This is possibly more of a ctypes
question than a pydbg
question, but I still don't understand why the results are inconsistent in the way they are.
I have an exit_hook
set on LoadLibraryA
using pydbg
and its utils.hook_container
class like this:
def exit_LoadLibraryA(dbg, args, ret):
libname = c_char_p(args[0])
# or: libname = ctypes.cast(args[0], ctypes.c_char_p)

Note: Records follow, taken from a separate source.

(* Let $(S,\mathfrak{n})$ be a Noetherian local ring, $x_1,\dots,x_r\in S$, and $\Gamma$ a set of monomials in $P=k[T_1,\dots,T_r]$. Let $i_1<i_2$ be positive integers and let $i_3$ be either an integer with $i_3>i_2$ or $i_3=\infty$ (in which case $S$ is assumed complete). Consider: (1) $x_1,\dots,x_r$ is $\Gamma$-expandable from degree $i_1$ to $i_2$; (2) $x_1,\dots,x_r$ is $\Gamma$-expandable from degree $i_1$ to $i_3$; (3) $x_1,\dots,x_r$ is $\Gamma$-expandable from degree $i_2$ to $i_3$. Then any two of (1), (2), (3) imply the third.
   Context: Let $I=(x_1,\dots,x_r)$ and set $I^\infty=0$. For $u=T_1^{a_1}\cdots T_r^{a_r}$ let $u(x)=x_1^{a_1}\cdots x_r^{a_r}$; $\Gamma_k$ is the set of monomials of degree $k$ in $\Gamma$. A lifting is a map $\sigma:S/I\to S$ with $\sigma(0)=0$ and $\pi\circ\sigma=\mathrm{id}_{S/I}$, $\pi:S\to S/I$ the projection. For $0\le i<j<\infty$, $x_1,\dots,x_r$ is $\Gamma$-expandable from degree $i$ to $j$ if for every lifting $\sigma$, every $f\in I^i$ has a unique representation $f\equiv\sum_{u\in\Gamma_k,\,i\le k\le j-1}f_uu(x)\pmod{I^j}$ with all $f_u\in\sigma(S/I)$ (uniqueness of the family $(f_u)$). If $S$ is complete, $x_1,\dots,x_r$ is $\Gamma$-expandable from degree $i$ to $\infty$ if for every lifting $\sigma$ every $f\in I^i$ has a unique representation $f=\sum_{u\in\Gamma_k,\,k\ge i}f_uu(x)$ (convergent sum) with all $f_u\in\sigma(S/I)$. *)

theory Defs
  imports "HOL-Library.Extended_Nat"
begin

definition is_ideal :: "'a::comm_ring_1 set \<Rightarrow> bool" where
  "is_ideal J \<longleftrightarrow> 0 \<in> J \<and> (\<forall>a\<in>J. \<forall>b\<in>J. a + b \<in> J) \<and> (\<forall>s. \<forall>a\<in>J. s * a \<in> J)"

definition ideal_gen :: "'a::comm_ring_1 set \<Rightarrow> 'a set" where
  "ideal_gen X = {y. \<exists>F c. finite F \<and> F \<subseteq> X \<and> y = (\<Sum>g\<in>F. c g * g)}"

definition ideal_pow :: "'a::comm_ring_1 set \<Rightarrow> nat \<Rightarrow> 'a set" where
  "ideal_pow J k = ideal_gen {prod_list l | l. length l = k \<and> set l \<subseteq> J}"

definition maximal_ideal :: "'a::comm_ring_1 set \<Rightarrow> bool" where
  "maximal_ideal M \<longleftrightarrow> is_ideal M \<and> M \<noteq> UNIV \<and>
     (\<forall>J. is_ideal J \<and> M \<subseteq> J \<longrightarrow> J = M \<or> J = UNIV)"

definition noetherian_ring :: "'a::comm_ring_1 itself \<Rightarrow> bool" where
  "noetherian_ring _ \<longleftrightarrow> (\<forall>J::'a set. is_ideal J \<longrightarrow> (\<exists>X. finite X \<and> J = ideal_gen X))"

definition local_ring :: "'a::comm_ring_1 itself \<Rightarrow> bool" where
  "local_ring _ \<longleftrightarrow> (\<exists>!M::'a set. maximal_ideal M)"

definition adic_complete :: "'a::comm_ring_1 set \<Rightarrow> bool" where
  "adic_complete M \<longleftrightarrow> (\<forall>s::nat \<Rightarrow> 'a.
      (\<forall>n. \<exists>N. \<forall>p\<ge>N. \<forall>q\<ge>N. s p - s q \<in> ideal_pow M n) \<longrightarrow>
      (\<exists>L. \<forall>n. \<exists>N. \<forall>p\<ge>N. s p - L \<in> ideal_pow M n))"

definition monomials :: "nat \<Rightarrow> (nat \<Rightarrow> nat) set" where
  "monomials r = {a. \<forall>i\<ge>r. a i = 0}"

definition mdeg :: "nat \<Rightarrow> (nat \<Rightarrow> nat) \<Rightarrow> nat" where
  "mdeg r a = (\<Sum>i<r. a i)"

definition meval :: "nat \<Rightarrow> (nat \<Rightarrow> 'a::comm_ring_1) \<Rightarrow> (nat \<Rightarrow> nat) \<Rightarrow> 'a" where
  "meval r x a = (\<Prod>i<r. x i ^ a i)"

definition deg_part :: "nat \<Rightarrow> (nat \<Rightarrow> nat) set \<Rightarrow> nat \<Rightarrow> (nat \<Rightarrow> nat) set" where
  "deg_part r \<Gamma> k = {u\<in>\<Gamma>. mdeg r u = k}"

text \<open>A map S/I -> S is modelled as a map S -> S constant on cosets of I;
  sigma(0) = 0 and pi o sigma = id.  Its image is sigma(S/I).\<close>
definition lifting :: "'a::comm_ring_1 set \<Rightarrow> ('a \<Rightarrow> 'a) \<Rightarrow> bool" where
  "lifting I \<sigma> \<longleftrightarrow> (\<forall>a b. a - b \<in> I \<longrightarrow> \<sigma> a = \<sigma> b) \<and> \<sigma> 0 = 0 \<and> (\<forall>a. \<sigma> a - a \<in> I)"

print "LoadLibraryA(%s) -> %08X" % (str(libname), ret)
return DBG_CONTINUE
unfortunately the output is inconsistent. While some of the values get converted to (and shown as) strings, some others get shown as numbers like this:
LoadLibraryA(c_char_p(2007516492)) -> 7C800000
LoadLibraryA(c_char_p(17426164)) -> 77DD0000
LoadLibraryA(c_char_p(17426164)) -> 76C30000
LoadLibraryA(c_char_p('UxTheme.dll')) -> 5AD70000
LoadLibraryA(c_char_p('IMM32.dll')) -> 76390000
LoadLibraryA(c_char_p('COMCTL32.dll')) -> 773D0000
LoadLibraryA(c_char_p('Secur32.dll')) -> 77FE0000
LoadLibraryA(c_char_p(1033757216)) -> 7C9C0000
what I would like is to reliably convert the char*
(and later the wchar_t*
of LoadLibraryW
) to a Python string to output it.
IIUC, you want to read the string at the memory address args[0]
which is an integer.
In this case, you need the string_at
(or wstring_at
) function. However, if there is no valid NUL-terminated string at the specified memory address, a WindowsError will be raised which you may want to catch.